### Extracted entries
lemma corrected_flux_deriv:
  "0 < r \<Longrightarrow> (corrected_flux has_real_derivative
     - (m * (\<alpha> - real n * \<beta>) / (real n - 1) * r ^ (n - 1) * v r)) (at r)"
proof -
  assume r: "0 < r"
  define N1 where "N1 = real n - 1"
  have N1: "N1 \<noteq> 0" "real n = N1 + 1"
    using n_minus_one_pos by (auto simp: N1_def)
  have "(corrected_flux has_real_derivative
      - (r ^ (n - 1) * (v r powr (1 - m) * H r) / N1)
      + (m * \<beta> / N1 * (real n * r ^ (n - 1)) * v r + v' r * (m * \<beta> / N1 * r ^ n))) (at r)"
    unfolding corrected_flux_def[abs_def] N1_def
    using DERIV_add[OF flux_deriv[OF r] DERIV_mult[OF DERIV_cmult[where c = "m * \<beta> / (real n - 1)", OF DERIV_pow[of n r]] v_deriv[OF r]]]
    by simp
  moreover have "r ^ n = r * r ^ (n - 1)"
    using dim power_minus_mult[of n r] by (simp add: mult.commute)
  then have "- (r ^ (n - 1) * (v r powr (1 - m) * H r) / N1)
      + (m * \<beta> / N1 * (real n * r ^ (n - 1)) * v r + v' r * (m * \<beta> / N1 * r ^ n))
    = - (m * (\<alpha> - real n * \<beta>) / N1 * r ^ (n - 1) * v r)"
    unfolding powr_times_H[OF r] N1(2) using N1(1) by (simp add: field_simps)
  ultimately show ?thesis
    by (simp add: N1_def)
qed

lemma v_bounded_on_unit_interval: "\<exists>B. \<forall>s. 0 \<le> s \<longrightarrow> s \<le> 1 \<longrightarrow> v s \<le> B"
proof -
  have "continuous_on {0..1} v"
    using DERIV_continuous_on[of "{0..}" v v'] dv by (auto intro: continuous_on_subset)
  then obtain x where "\<forall>y\<in>{0..1}. v y \<le> v x"
    using continuous_attains_sup[of "{0..1::real}" v] by auto
  then show ?thesis by (intro exI[of _ "v x"]) auto
qed

lemma corrected_flux_oscillation:
  "\<exists>C\<ge>0. \<forall>s r. 0 < s \<longrightarrow> s < r \<longrightarrow> r \<le> 1 \<longrightarrow> \<bar>corrected_flux r - corrected_flux s\<bar> \<le> C * r ^ n"
proof -
  define k where "k = m * (\<alpha> - real n * \<beta>) / (real n - 1)"
  have k: "0 \<le> k"
    using m_pos alpha_ge n_minus_one_pos by (simp add: k_def)
  obtain B where B: "\<And>s. 0 \<le> s \<Longrightarrow> s \<le> 1 \<Longrightarrow> v s \<le> B"
    using v_bounded_on_unit_interval by blast
  have "0 \<le> B" using B[of 0] pos[of 0] by simp
  have "\<bar>corrected_flux r - corrected_flux s\<bar> \<le> k * B * r ^ n" if sr: "0 < s" "s < r" "r \<le> 1" for s r
  proof -
    have "\<exists>z>s. z < r \<and> corrected_flux r - corrected_flux s = (r - s) * - (k * z ^ (n - 1) * v z)"
      unfolding k_def by (rule MVT2[OF sr(2)]) (use corrected_flux_deriv sr in auto)
    then obtain z where z: "s < z" "z < r"
      and mvt: "corrected_flux r - corrected_flux s = (r - s) * - (k * z ^ (n - 1) * v z)"
      by blast
    have nonneg: "0 \<le> k * z ^ (n - 1) * v z"
      using k pos[of z] z sr by simp
    have "\<bar>corrected_flux r - corrected_flux s\<bar> = (r - s) * (k * z ^ (n - 1) * v z)"
      using sr by (simp only: mvt abs_mult[of "r - s"] abs_minus_cancel abs_of_nonneg[OF nonneg])
    also have "\<dots> \<le> r * (k * r ^ (n - 1) * B)"
      using z sr k B[of z] pos[of z] \<open>0 \<le> B\<close>
      by (intro mult_mono mult_left_mono power_mono) auto
    also have "\<dots> = k * B * r ^ n"
      using dim power_minus_mult[of n r] by (simp add: ac_simps)
    finally show ?thesis .
  qed
  then show ?thesis
    using k \<open>0 \<le> B\<close> by (intro exI[of _ "k * B"]) auto
qed

lemma flux_oscillation:
  "\<exists>K\<ge>0. \<forall>s r. 0 < s \<longrightarrow> s < r \<longrightarrow> r \<le> 1 \<longrightarrow> \<bar>flux r - flux s\<bar> \<le> K * r ^ n"
proof -
  obtain C where C: "0 \<le> C"
    "\<And>s r. 0 < s \<Longrightarrow> s < r \<Longrightarrow> r \<le> 1 \<Longrightarrow> \<bar>corrected_flux r - corrected_flux s\<bar> \<le> C * r ^ n"
    using corrected_flux_oscillation by blast
  obtain B where B: "\<And>s. 0 \<le> s \<Longrightarrow> s \<le> 1 \<Longrightarrow> v s \<le> B"
    using v_bounded_on_unit_interval by blast
  define c where "c = m * \<beta> / (real n - 1)"
  have c: "0 \<le> c"
    using m_pos beta_pos n_minus_one_pos by (simp add: c_def)
  have "0 \<le> B" using B[of 0] pos[of 0] by simp
  have "\<bar>flux r - flux s\<bar> \<le> (C + 2 * c * B) * r ^ n" if sr: "0 < s" "s < r" "r \<le> 1" for s r
  proof -
    have "flux r - flux s = (corrected_flux r - corrected_flux s) - c * r ^ n * v r + c * s ^ n * v s"
      by (simp add: corrected_flux_def c_def)
    moreover have "0 \<le> c * r ^ n * v r" "c * r ^ n * v r \<le> c * r ^ n * B"
      using c pos[of r] B[of r] sr by (auto intro: mult_left_mono)
    moreover have "0 \<le> c * s ^ n * v s" "c * s ^ n * v s \<le> c * r ^ n * B"
      using c pos[of s] B[of s] sr \<open>0 \<le> B\<close> by (auto intro!: mult_mono mult_left_mono power_mono)
    ultimately show ?thesis
      using C(2)[OF sr] by (simp add: algebra_simps)
  qed
  then show ?thesis
    using C(1) c \<open>0 \<le> B\<close> by (intro exI[of _ "C + 2 * c * B"]) auto
qed

lemma w_tendsto_at_right_0: "(w \<longlongrightarrow> w 0) (at_right 0)"
proof -
  have "(v \<longlongrightarrow> v 0) (at 0 within {0..})"
    using DERIV_continuous[OF dv[of 0]] by (simp add: continuous_within)
  then have "(w \<longlongrightarrow> w 0) (at 0 within {0..})"
    unfolding w_def[abs_def] using pos[of 0] by (intro tendsto_powr tendsto_const) auto
  then show ?thesis
    by (rule tendsto_within_subset) auto
qed

lemma flux_bound: "\<exists>K. \<forall>r. 0 < r \<longrightarrow> r \<le> 1 \<longrightarrow> \<bar>flux r\<bar> \<le> K * r ^ n"
proof -
  obtain K where K: "0 \<le> K"
    "\<And>s r. 0 < s \<Longrightarrow> s < r \<Longrightarrow> r \<le> 1 \<Longrightarrow> \<bar>flux r - flux s\<bar> \<le> K * r ^ n"
    using flux_oscillation by blast
  have "\<bar>flux r\<bar> \<le> 2 * K * r ^ n" if r: "0 < r" "r \<le> 1" for r
  proof (rule ccontr)
    assume big: "\<not> \<bar>flux r\<bar> \<le> 2 * K * r ^ n"
    define d where "d = \<bar>flux r\<bar> - K * r ^ n"
    have "0 < d"
      using big K(1) r by (simp add: d_def)
    then obtain z where z: "0 < z" "z < r" "z * \<bar>w' z\<bar> < d"
      using scaled_derivative_small_somewhere[OF w_tendsto_at_right_0 r(1)] w_deriv by blast
    have "z ^ (n - 1) \<le> z ^ 1"
      using z r dim by (intro power_decreasing) auto
    then have "\<bar>flux z\<bar> \<le> z * \<bar>w' z\<bar>"
      using z by (simp add: flux_def abs_mult mult_right_mono)
    moreover have "d \<le> \<bar>flux z\<bar>"
      using K(2)[OF z(1,2) r(2)] by (simp add: d_def)
    ultimately show False using z(3) by simp
  qed
  then show ?thesis by blast
qed

lemma flux_and_r_w'_tendsto_0:
  "(flux \<longlongrightarrow> 0) (at_right 0)" "((\<lambda>r. r * w' r) \<longlongrightarrow> 0) (at_right 0)"
proof -
  obtain K where K: "\<And>r. 0 < r \<Longrightarrow> r \<le> 1 \<Longrightarrow> \<bar>flux r\<bar> \<le> K * r ^ n"
    using flux_bound by blast
  have near: "\<forall>\<^sub>F r in at_right 0. r \<in> {0<..<1::real}"
    by (rule eventually_at_right_real) simp
  have "\<forall>\<^sub>F r in at_right 0. norm (flux r) \<le> K * r ^ n"
    using near by eventually_elim (use K in auto)
  moreover have "((\<lambda>r. K * r ^ n) \<longlongrightarrow> 0) (at_right (0::real))"
    using dim by (intro tendsto_eq_intros) auto
  ultimately show "(flux \<longlongrightarrow> 0) (at_right 0)"
    by (rule Lim_null_comparison)
  have "\<forall>\<^sub>F r in at_right 0. norm (r * w' r) \<le> K * r ^ 2"
    using near
  proof eventually_elim
    case (elim r)
    have e: "n - 1 = (n - 2) + 1" "n = (n - 2) + 2"
      using dim by auto
    have "r ^ (n - 1) = r ^ (n - 2) * r" "r ^ n = r ^ (n - 2) * r ^ 2"
      using power_add[of r "n - 2" 1, folded e(1)] power_add[of r "n - 2" 2, folded e(2)] by simp_all
    then have "r ^ (n - 2) * \<bar>r * w' r\<bar> \<le> r ^ (n - 2) * (K * r ^ 2)"
      using K[of r] elim by (simp add: flux_def abs_mult ac_simps)
    then show ?case
      using elim by simp
  qed
  moreover have "((\<lambda>r. K * r ^ 2) \<longlongrightarrow> 0) (at_right (0::real))"
    by (intro tendsto_eq_intros) auto
  ultimately show "((\<lambda>r. r * w' r) \<longlongrightarrow> 0) (at_right 0)"
    by (rule Lim_null_comparison)
qed

lemma H_tendsto_at_right_0: "(H \<longlongrightarrow> \<alpha> * m * w 0) (at_right 0)"
proof -
  have "((\<lambda>r. \<alpha> * m * w r + \<beta> * (r * w' r)) \<longlongrightarrow> \<alpha> * m * w 0 + \<beta> * 0) (at_right 0)"
    by (intro tendsto_intros w_tendsto_at_right_0 flux_and_r_w'_tendsto_0)
  then show ?thesis
    by (simp add: H_def[abs_def] mult.assoc)
qed

lemma flux_strictly_decreasing:
  assumes "0 < s" "s < t" and H_pos: "\<And>y. s < y \<Longrightarrow> y < t \<Longrightarrow> 0 < H y"
  shows "flux t < flux s"
proof (rule DERIV_neg_imp_decreasing_open[OF \<open>s < t\<close>])
  fix x assume "s < x" "x < t"
  then show "\<exists>y. (flux has_real_derivative y) (at x) \<and> y < 0"
    using flux_deriv[of x] H_pos[of x] pos[of x] \<open>0 < s\<close> n_minus_one_pos by force
next
  show "continuous_on {s..t} flux"
    using \<open>0 < s\<close> by (intro continuous_at_imp_continuous_on ballI DERIV_isCont[OF flux_deriv]) auto
qed

lemma H_pos: "0 < r \<Longrightarrow> 0 < H r"
proof (rule positive_on_ray_by_first_zero[OF H_deriv])
  have "0 < \<alpha> * m * w 0"
    using alpha_pos m_pos pos[of 0] by (simp add: w_def)
  then show "\<forall>\<^sub>F r in at_right 0. 0 < H r"
    by (rule order_tendstoD(1)[OF H_tendsto_at_right_0])
next
  fix r0 :: real
  assume r0: "0 < r0" "H r0 \<le> 0" and left: "\<And>y. 0 < y \<Longrightarrow> y < r0 \<Longrightarrow> 0 < H y"
  have "flux r0 < flux (r0 / 2)"
    using r0 left by (intro flux_strictly_decreasing) auto
  moreover have "flux (r0 / 2) \<le> 0"
  proof (rule tendsto_lowerbound[OF flux_and_r_w'_tendsto_0(1)])
    show "\<forall>\<^sub>F s in at_right 0. flux (r0 / 2) \<le> flux s"
      using eventually_at_right_real[of 0 "r0 / 2"] r0
      by (auto elim!: eventually_mono intro!: less_imp_le flux_strictly_decreasing left)
  qed simp
  ultimately have "r0 ^ (n - 1) * w' r0 < 0"
    unfolding flux_def by linarith
  then have "w' r0 < 0"
    using r0 by (simp add: mult_less_0_iff)
  moreover have "\<beta> * r0 * v r0 powr (1 - m) * H r0 \<le> 0"
    using beta_pos r0 pos[of r0] by (simp add: mult_nonneg_nonpos)
  ultimately show "0 < (\<alpha> * m - (real n - 2) * \<beta>) * w' r0
      - \<beta> * r0 * v r0 powr (1 - m) * H r0 / (real n - 1)"
    using alpha_lt n_minus_one_pos
    by (smt (verit) divide_nonpos_pos mult_neg_neg)
qed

### Task to complete
Going through the entries above, tally every line that contains the string "blast", then state only the total.

### Your response
8